After Fame L.A. came 1999's Rescue 77, one of innumerable TV series produced by the late Aaron Spelling, who himself journeyed from Dallas to Hollywood in the 1950s with little money in hand. The hits he left behind include The Love Boat, Charlie's Angels and Dynasty

"I miss him a lot, man," Kane says of Spelling. "He was very nice to me. I always got in trouble on the set, so I'd have to go to his office. And he was like, 'We're not gonna do that anymore, are we?' I'd say no, and he'd say 'Great!' and he'd get up and give me a hug."

Kane says his troublemaking didn't amount to much more than always wanting to wear his hair different. "I was never difficult. Listen, every day on a set is a gift. The thing that most people forget in this business is that there's no reason to yell at anybody. There are 85 people on a set, and their sole job is to make you look good. So there's never a time to be pissed off."

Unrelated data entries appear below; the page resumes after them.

lemma FSig_comprehension_snoc:
  assumes "de_bruijn phi fr" and XA: "CtxJ (X @ [(x, A)]) \<in> judg phi Sig"
  shows "X \<in> cw_obj (FSig phi fr Sig)" "(X, A) \<in> cw_Ty (FSig phi fr Sig) X"
    "cw_ext (FSig phi fr Sig) X (X, A) = X @ [(x, A)]"
    "cw_p (FSig phi fr Sig) X (X, A) = (X @ [(x, A)], X, map Var (ovars X))"
  using ctx_snocD[OF XA] ctx_snoc_fresh[OF assms] by (simp_all add: FSig_def)

locale LT_model =
  fixes phi :: "'v set \<Rightarrow> 'v set" and fr :: "'v set \<Rightarrow> 'v"
    and Sig :: "('v,'f,'s) decl set" and Pi :: "('v,'f,'s,'r) pdecl set"
    and C :: "('o,'m,'ty,'tm) cwf"
    and Fo :: "('v,'f,'s) ctx \<Rightarrow> 'o" and Fm :: "('v,'f,'s) smor \<Rightarrow> 'm"
    and sg :: "('v,'f,'s) ctx \<Rightarrow> ('v,'f,'s) sty \<Rightarrow> 'ty"
    and th :: "('v,'f,'s) ctx \<Rightarrow> ('v,'f,'s) sty \<Rightarrow> ('v,'f,'s) stm \<Rightarrow> 'tm"
    and D :: "('o,'m,'ty,'a) hyperdoc"
    and G :: "('v,'f,'s) ctx \<Rightarrow> ('v,'f,'s) ctx \<times> ('v,'f,'s,'r) form \<Rightarrow> 'a"
  assumes var_system: "var_system phi fr" and de_bruijn: "de_bruijn phi fr"
    and signature: "signature phi Sig" and pred_signature: "pred_signature phi Sig Pi"
    and cwf_morphism: "cwf_morphism (FSig phi fr Sig) C Fo Fm sg th"
    and hyperdoctrine: "hyperdoctrine C D"
    and model: "hd_morphism (FSig phi fr Sig) C Fo Fm sg (LT phi fr Sig Pi {}) D G"
begin

abbreviation interp :: "('v,'f,'s) ctx \<Rightarrow> ('v,'f,'s,'r) form \<Rightarrow> 'a" where
  "interp X a \<equiv> G X (X, a)"

abbreviation leq :: "('v,'f,'s) ctx \<Rightarrow> 'a \<Rightarrow> 'a \<Rightarrow> bool" where
  "leq X \<equiv> hle (hd_Pr D (Fo X))"

lemma prealg: "CtxJ X \<in> judg phi Sig \<Longrightarrow> heyting_prealg (hd_Pr D (Fo X))"
  by (rule hyperdoctrine_prealg[OF hyperdoctrine cwf_morphism_obj[OF cwf_morphism FSig_obj]])

lemma interp_hom: "CtxJ X \<in> judg phi Sig \<Longrightarrow> heyting_hom (hd_Pr (LT phi fr Sig Pi {}) X) (hd_Pr D (Fo X)) (G X)"
  by (rule hd_morphism_hom[OF model FSig_obj])

lemma interp_carrier: "(a, X) \<in> forms phi Sig Pi \<Longrightarrow> interp X a \<in> hcar (hd_Pr D (Fo X))"
  by (rule heyting_hom_carrier[OF interp_hom[OF forms_ctx] LT_carrier])

lemma interp_FTop: "CtxJ X \<in> judg phi Sig \<Longrightarrow> interp X FTop = htop (hd_Pr D (Fo X))"
  using heyting_hom_top[OF interp_hom] by (simp add: LT_def)

lemma interp_FBot: "CtxJ X \<in> judg phi Sig \<Longrightarrow> interp X FBot = hbot (hd_Pr D (Fo X))"
  using heyting_hom_bot[OF interp_hom] by (simp add: LT_def)

lemma interp_connectives:
  assumes "(a, X) \<in> forms phi Sig Pi" "(b, X) \<in> forms phi Sig Pi"
  shows "interp X (FAnd a b) = hmeet (hd_Pr D (Fo X)) (interp X a) (interp X b)"
    and "interp X (FOr a b) = hjoin (hd_Pr D (Fo X)) (interp X a) (interp X b)"
    and "interp X (FImp a b) = himp (hd_Pr D (Fo X)) (interp X a) (interp X b)"
  using heyting_hom_ops[OF interp_hom[OF forms_ctx[OF assms(1)]] LT_carrier[OF assms(1)] LT_carrier[OF assms(2)]]
  by (simp_all add: LT_def)

lemma interp_fsub:
  assumes m: "mor_judg (judg phi Sig) Y X as" and a: "(a, X) \<in> forms phi Sig Pi"
  shows "interp Y (fsub fr a Y X as) = hd_sub D (interp X a) (Fm (Y, X, as))"
proof -
  have X: "CtxJ X \<in> judg phi Sig" and Y: "CtxJ Y \<in> judg phi Sig"
    using m by (auto simp: mor_judg_def)
  have "(Y, X, as) \<in> cw_hom (FSig phi fr Sig) Y X"
    using m by (simp add: FSig_def)
  from hd_morphism_sub[OF model FSig_obj[OF X] FSig_obj[OF Y] this LT_carrier[OF a]]
  show ?thesis by (simp add: LT_def)
qed

lemma leq_fsub:
  assumes m: "mor_judg (judg phi Sig) Y X as"
    and a: "(a, X) \<in> forms phi Sig Pi" and b: "(b, X) \<in> forms phi Sig Pi"
    and "leq X (interp X a) (interp X b)"
  shows "leq Y (interp Y (fsub fr a Y X as)) (interp Y (fsub fr b Y X as))"
proof -
  have X: "CtxJ X \<in> judg phi Sig" and Y: "CtxJ Y \<in> judg phi Sig"
    using m by (auto simp: mor_judg_def)
  have f: "(Y, X, as) \<in> cw_hom (FSig phi fr Sig) Y X"
    using m by (simp add: FSig_def)
  note FX = cwf_morphism_obj[OF cwf_morphism FSig_obj[OF X]]
  note FY = cwf_morphism_obj[OF cwf_morphism FSig_obj[OF Y]]
  note sub_hom = hyperdoctrine_sub_hom[OF hyperdoctrine FX FY
      cwf_morphism_hom[OF cwf_morphism FSig_obj[OF X] FSig_obj[OF Y] f]]
  show ?thesis
    unfolding interp_fsub[OF m a] interp_fsub[OF m b]
    by (rule heyting_hom_mono[OF sub_hom interp_carrier[OF a] interp_carrier[OF b]]) fact
qed

lemma Fo_snoc:
  assumes "CtxJ (X @ [(x, A)]) \<in> judg phi Sig"
  shows "sg X (X, A) \<in> cw_Ty C (Fo X)"
    and "Fo (X @ [(x, A)]) = cw_ext C (Fo X) (sg X (X, A))"
    and "Fm (X @ [(x, A)], X, map Var (ovars X)) = cw_p C (Fo X) (sg X (X, A))"
  using cwf_morphism_comprehension[OF cwf_morphism FSig_comprehension_snoc(1,2)[OF de_bruijn assms]]
    FSig_comprehension_snoc(3,4)[OF de_bruijn assms]
  by simp_all

lemma interp_fweak:
  assumes XA: "CtxJ (X @ [(x, A)]) \<in> judg phi Sig" and a: "(a, X) \<in> forms phi Sig Pi"
  shows "interp (X @ [(x, A)]) (fweak fr a X x A) = hd_sub D (interp X a) (cw_p C (Fo X) (sg X (X, A)))"
  unfolding fweak_def interp_fsub[OF mor_judg_proj[OF XA] a] Fo_snoc(3)[OF XA] ..

lemma interp_quantifiers:
  assumes b: "(b, X @ [(x, A)]) \<in> forms phi Sig Pi"
  shows "interp X (FAll x A b) = hd_all D (Fo X) (sg X (X, A)) (interp (X @ [(x, A)]) b)"
    and "interp X (FEx x A b) = hd_ex D (Fo X) (sg X (X, A)) (interp (X @ [(x, A)]) b)"
proof -
  have XA: "CtxJ (X @ [(x, A)]) \<in> judg phi Sig" by (rule forms_ctx[OF b])
  note FS = FSig_comprehension_snoc[OF de_bruijn XA]
  have "(X @ [(x, A)], b) \<in> hcar (hd_Pr (LT phi fr Sig Pi {}) (cw_ext (FSig phi fr Sig) X (X, A)))"
    using LT_carrier[OF b] FS(3) by simp
  from hd_morphism_quantifiers[OF model FS(1,2) this]
  show "interp X (FAll x A b) = hd_all D (Fo X) (sg X (X, A)) (interp (X @ [(x, A)]) b)"
    and "interp X (FEx x A b) = hd_ex D (Fo X) (sg X (X, A)) (interp (X @ [(x, A)]) b)"
    using FS(3) ctx_snoc_fresh[OF de_bruijn XA] by (simp_all add: LT_def)
qed

lemma leq_quantifier_iff:
  assumes a: "(a, X) \<in> forms phi Sig Pi" and b: "(b, X @ [(x, A)]) \<in> forms phi Sig Pi"
  shows "leq X (interp X a) (interp X (FAll x A b))
      \<longleftrightarrow> leq (X @ [(x, A)]) (interp (X @ [(x, A)]) (fweak fr a X x A)) (interp (X @ [(x, A)]) b)"
    and "leq X (interp X (FEx x A b)) (interp X a)
      \<longleftrightarrow> leq (X @ [(x, A)]) (interp (X @ [(x, A)]) b) (interp (X @ [(x, A)]) (fweak fr a X x A))"
proof -
  have XA: "CtxJ (X @ [(x, A)]) \<in> judg phi Sig" by (rule forms_ctx[OF b])
  have R: "interp (X @ [(x, A)]) b \<in> hcar (hd_Pr D (cw_ext C (Fo X) (sg X (X, A))))"
    using interp_carrier[OF b] Fo_snoc(2)[OF XA] by simp
  note adj = hyperdoctrine_adjoints[OF hyperdoctrine
      cwf_morphism_obj[OF cwf_morphism FSig_obj[OF forms_ctx[OF a]]] Fo_snoc(1)[OF XA] interp_carrier[OF a] R]
  show "leq X (interp X a) (interp X (FAll x A b))
      \<longleftrightarrow> leq (X @ [(x, A)]) (interp (X @ [(x, A)]) (fweak fr a X x A)) (interp (X @ [(x, A)]) b)"
    and "leq X (interp X (FEx x A b)) (interp X a)
      \<longleftrightarrow> leq (X @ [(x, A)]) (interp (X @ [(x, A)]) b) (interp (X @ [(x, A)]) (fweak fr a X x A))"
    using adj by (simp_all add: interp_quantifiers[OF b] interp_fweak[OF XA a] Fo_snoc(2)[OF XA])
qed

Kane in character as Leverage's resident tough guy.

He bounced around after Rescue 77, playing Angelina Jolie's fiance in 2002's Life or Something Like It and getting cut up for real during a fight scene in the following year's Second Hand Lions. He had to grow a mustache to cover up the scar.

"Somebody threw a right when they were supposed to throw a left," Kane says. And it split my lip wide open."

It didn't curb his taste for faking his own fights, which he does without a stunt double in all 13 first-season episodes of Leverage.

"I'm not claiming to be a bad ass or anything, but I know what to do," Kane says, pointing to his background as a high school wrestler and occasional dabbler in martial arts. "In the case of Leverage, all of the fighting is a choreographed dance. And if you actually look at it, it's a very beautiful thing."

Before Leverage, Kane played Lindsay McDonald in 21 episodes of Angel (opposite his off-screen best friend David Boreanaz) and Jack Chase on CBS' Close to Home. The latter proved to be a throwaway part as the husband of prosecutor Annabeth Chase (series star Jennifer Finnegan). So Kane asked that his character be written out at the end of Season 1. The producers obliged with a fatal car wreck.

"I was upset because I was supposed to be a construction worker and a guitar player," Kane says. "And in the 10 of 22 episodes I was in, I didn't don a hard hat or a guitar. So there were a lot of promises that were made to me that didn't work out because the show needed to go in another direction. I felt I was underused, but that's just how it goes. You accept the good with the bad."

Leverage, with Timothy Hutton as the marquee star, gives Kane "the coolest character I've ever had," he says. "I really feel like I've been studying 10 years to play this role. And TNT's the place for me, man. Their motto is 'We know drama.' They're not putting any of this reality bullshit on. I can't stand this reality crap. It's killin' Hollywood."

By that he means shows such as Survivor, America's Top Model and even America's Top Chef. But give him a cooking show and maybe he'll eat some of those words.

"That's my next goal," Kane says. "Me in the kitchen with maybe some other guests."

Meanwhile, Leverage will do.

"You work 9 to 5 and there's some fat cat up there that's doing illegal crap and they're protected by the law. What we're doing on this show is fighting for the person that's watching us," he says.

"I think if somebody looks at it that way they'll really sit back and enjoy the series. It's very smart television, but you don't have to be a rocket scientist to enjoy it. It really is a working man's show."